There seems to have been quite a bit of buzz recently around co-op games, what with the upcoming release of Kingsport Horror and the kudos that Pandemic seems to have been gathering. And after a member of the F:AT staff gave the latter a glowing review last week, I really couldn't resist dipping my rather large and nasty fly in the ointment and longer. See, as far as I'm concerned, no-one who is happy to play co-op games should be allowed to rejoice under the AT label at all. All co-op games are unconditionally crap and worse they're the antithesis of everything that AT ought to stand for. Here's why.
Before I let rip, let me be entirely clear about what I'm not talking about. I'm not talking about solo games.
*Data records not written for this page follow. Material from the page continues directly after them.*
(* In the big-action setting below, assume $n\ge2$. Then: (1) for every $i\in\{1,\dots,n-1\}$, the map $\ell_{i,i+1}:V\to\mathbb F_p$ is $\mathbb F_p$-linear; (2) for every $i\in\{1,\dots,n-1\}$ such that $\ell_{i,i+1}$ is not identically zero, putting $\mathcal L_{i,i+1}(X)=\prod_{y\in\ker\ell_{i,i+1}}(X-y)$, there exists $\lambda_i\in k\setminus\{0\}$ such that $\ell_{i,i+1}(y)=\lambda_i\mathcal L_{i,i+1}(y)$ for all $y\in V$, and $V$ is exactly the set of roots in $k$ of $\lambda_i^p\mathcal L_{i,i+1}^p-\lambda_i\mathcal L_{i,i+1}$.
   Context: Big-action setting. Let $k$ be an algebraically closed field of characteristic $p>0$, $C$ a connected nonsingular projective curve over $k$ of genus $g\ge 2$, and $G$ a finite $p$-subgroup of $\mathrm{Aut}_k(C)$ with $|G|/g>2p/(p-1)$ (a "big action" $(C,G)$). It is known that there is a point $\infty\in C$ such that $G$ equals its own first (wild) ramification group at $\infty$, that $\infty$ is the only ramification point of $C\to C/G\cong\mathbb P^1_k$, that the second lower ramification group $G_2$ of $G$ at $\infty$ is a nontrivial proper subgroup of $G$ equal to the commutator subgroup $D(G)$, and that $C/G_2\cong\mathbb P^1_k$. Assume $G_2\cong(\mathbb Z/p\mathbb Z)^n$ with $n\ge1$. Put $L=k(C)$ and write $L^{G_2}=k(X)$, where $X$ is a coordinate on $C/G_2$ with pole at the image of $\infty$; then $G/G_2$ acts on $k(X)$ by translations $X\mapsto X+y$, $y$ ranging over an $\mathbb F_p$-subspace $V\subset k$ of dimension $v$, giving an exact sequence $0\to G_2\to G\to V\to 0$, $\sigma\mapsto\sigma(X)-X$. Let $\wp(Z)=Z^p-Z$. A polynomial in $k[X]$ is called reduced if it is a $k$-linear combination of monomials $X^j$ with $p\nmid j$; every $f\in k[X]$ is congruent modulo $\wp(k[X])$ to a unique reduced polynomial. Let $A=(\wp(L)\cap k[X])/\wp(k[X])$, an $n$-dimensional $\mathbb F_p$-vector space, and for $\bar f\in A$ let $\deg\bar f=\min\{\deg(f+\wp(P)):P\in k[X]\}$. Fix an $\mathbb F_p$-basis $\bar f_1,\dots,\bar f_n$ of $A$ with $m_i:=\deg\bar f_i$ such that (a) $p\nmid m_i$, (b) $m_1\le\dots\le m_n$, (c) for all $(\lambda_1,\dots,\lambda_n)\in\mathbb F_p^n\setminus\{0\}$, $\deg(\sum_i\lambda_i\bar f_i)=\max_i\deg(\lambda_i\bar f_i)$. Let $f_i\in k[X]$ be the reduced representative of $\bar f_i$ (so $\deg f_i=m_i$); then $L=k(X,W_1,\dots,W_n)$ with $W_i^p-W_i=f_i(X)$. For every $y\in V$ and every $i$ one has $f_i(X+y)-f_i(X)\equiv\sum_{j=1}^{i-1}\ell_{j,i}(y)f_j(X)\bmod\wp(k[X])$ for uniquely determined maps $\ell_{j,i}:V\to\mathbb F_p$ (the matrix of $\bar f\mapsto\overline{f(X+y)}$ on $A$ in this basis is upper unitriangular with entries $\ell_{j,i}(y)$). *)

theory Defs
  imports "HOL-Computational_Algebra.Polynomial"
begin

definition Fp :: "'a::field set" where
  "Fp = range of_nat"

definition alg_closed_field :: "'a::field itself \<Rightarrow> bool" where
  "alg_closed_field _ \<longleftrightarrow> (\<forall>q::'a poly. degree q \<ge> 1 \<longrightarrow> (\<exists>x. poly q x = 0))"

definition wp_poly :: "'a::field poly \<Rightarrow> 'a poly" where
  "wp_poly P = P ^ CHAR('a) - P"

definition cong_wp :: "'a::field poly \<Rightarrow> 'a poly \<Rightarrow> bool" where
  "cong_wp f g \<longleftrightarrow> (\<exists>P. f - g = wp_poly P)"

text \<open>Degree of the class of f in k[X]/wp(k[X]): min deg (f + wp(P)).\<close>
definition deg_bar :: "'a::field poly \<Rightarrow> nat" where
  "deg_bar f = (LEAST d. \<exists>P. degree (f + wp_poly P) = d)"

definition reduced :: "'a::field poly \<Rightarrow> bool" where
  "reduced f \<longleftrightarrow> (\<forall>j. coeff f j \<noteq> 0 \<longrightarrow> \<not> CHAR('a) dvd j)"

definition Fp_subspace :: "'a::field set \<Rightarrow> bool" where
  "Fp_subspace V \<longleftrightarrow> finite V \<and> 0 \<in> V \<and> (\<forall>y\<in>V. \<forall>z\<in>V. y + z \<in> V)
     \<and> (\<forall>c\<in>Fp. \<forall>y\<in>V. c * y \<in> V)"

definition Fp_linear_on :: "'a::field set \<Rightarrow> ('a \<Rightarrow> 'a) \<Rightarrow> bool" where
  "Fp_linear_on V l \<longleftrightarrow> (\<forall>y\<in>V. \<forall>z\<in>V. l (y + z) = l y + l z)
     \<and> (\<forall>c\<in>Fp. \<forall>y\<in>V. l (c * y) = c * l y)"

end

theory Submission
  imports Defs "HOL-Computational_Algebra.Primes" "HOL-Number_Theory.Cong"
begin

text \<open>
  Let W_r be the Fp-span of f_1, ..., f_r plus wp(k[X]).
  The translation hypothesis says that translating f_j by y in V changes it by an element
  of W_{j-1}; hence every W_r (r \<le> n) is stable under translation by V.  Writing
  R_y = f_{i+1}(X+y) - f_{i+1} - ell_{i,i+1}(y) f_i, which lies in W_{i-1}, the
  cocycle identity for the composite translation X \<mapsto> X+y+z shows that
  (ell(y+z) - ell(y) - ell(z)) f_i lies in W_{i-1}.  The degree hypothesis forbids a
  nonzero Fp-multiple of f_i in W_{i-1}, so ell_{i,i+1} is additive, hence Fp-linear.

  Part (2) is a general fact about an Fp-linear functional l : V \<rightarrow> Fp with kernel K.
  The vanishing polynomial L of the finite additive group K is additive (an
  interpolation argument) and hence Fp-linear; a dimension-one argument gives
  l = c L on V, and since Fp is exactly the set of fixed points of Frobenius, V is the
  set of roots of (cL)^p - cL.
\<close>

section \<open>The prime field\<close>

lemma Fp_0 [simp]: "0 \<in> Fp"
  unfolding Fp_def by (metis of_nat_0 rangeI)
I'm not talking about team games like Axis and Allies or Fury of Dracula where a group of players, who will win or loose as a team, take on either another team or individual players. I'm especially not talking about games in which co-operation is a choice but where players have individual victory conditions, games such as Republic of Rome or Magic Realm. This latter case is worth highlighting because it's a well underused mechanic which can result in some incredibly tense and nail biting choices. Indeed the way it has been implemented in Magic Realm is about the only good thing I can find to say about that game and I'm quite excited at the Return of the Heroes variant that promises similarly open ended gameplay without the vast counterweight of pointless rules and admin time that drowned MR. But I digress. All the game styles I've just mentioned do, to some extent, validate the criticisms I'm about to make of co-op games but all of them also have gigantic get-out clauses that the co-op genre doesn't have. You'll see why as we go along.
At this point, so much bile is queuing up to be given vent that I'm not really sure where to start.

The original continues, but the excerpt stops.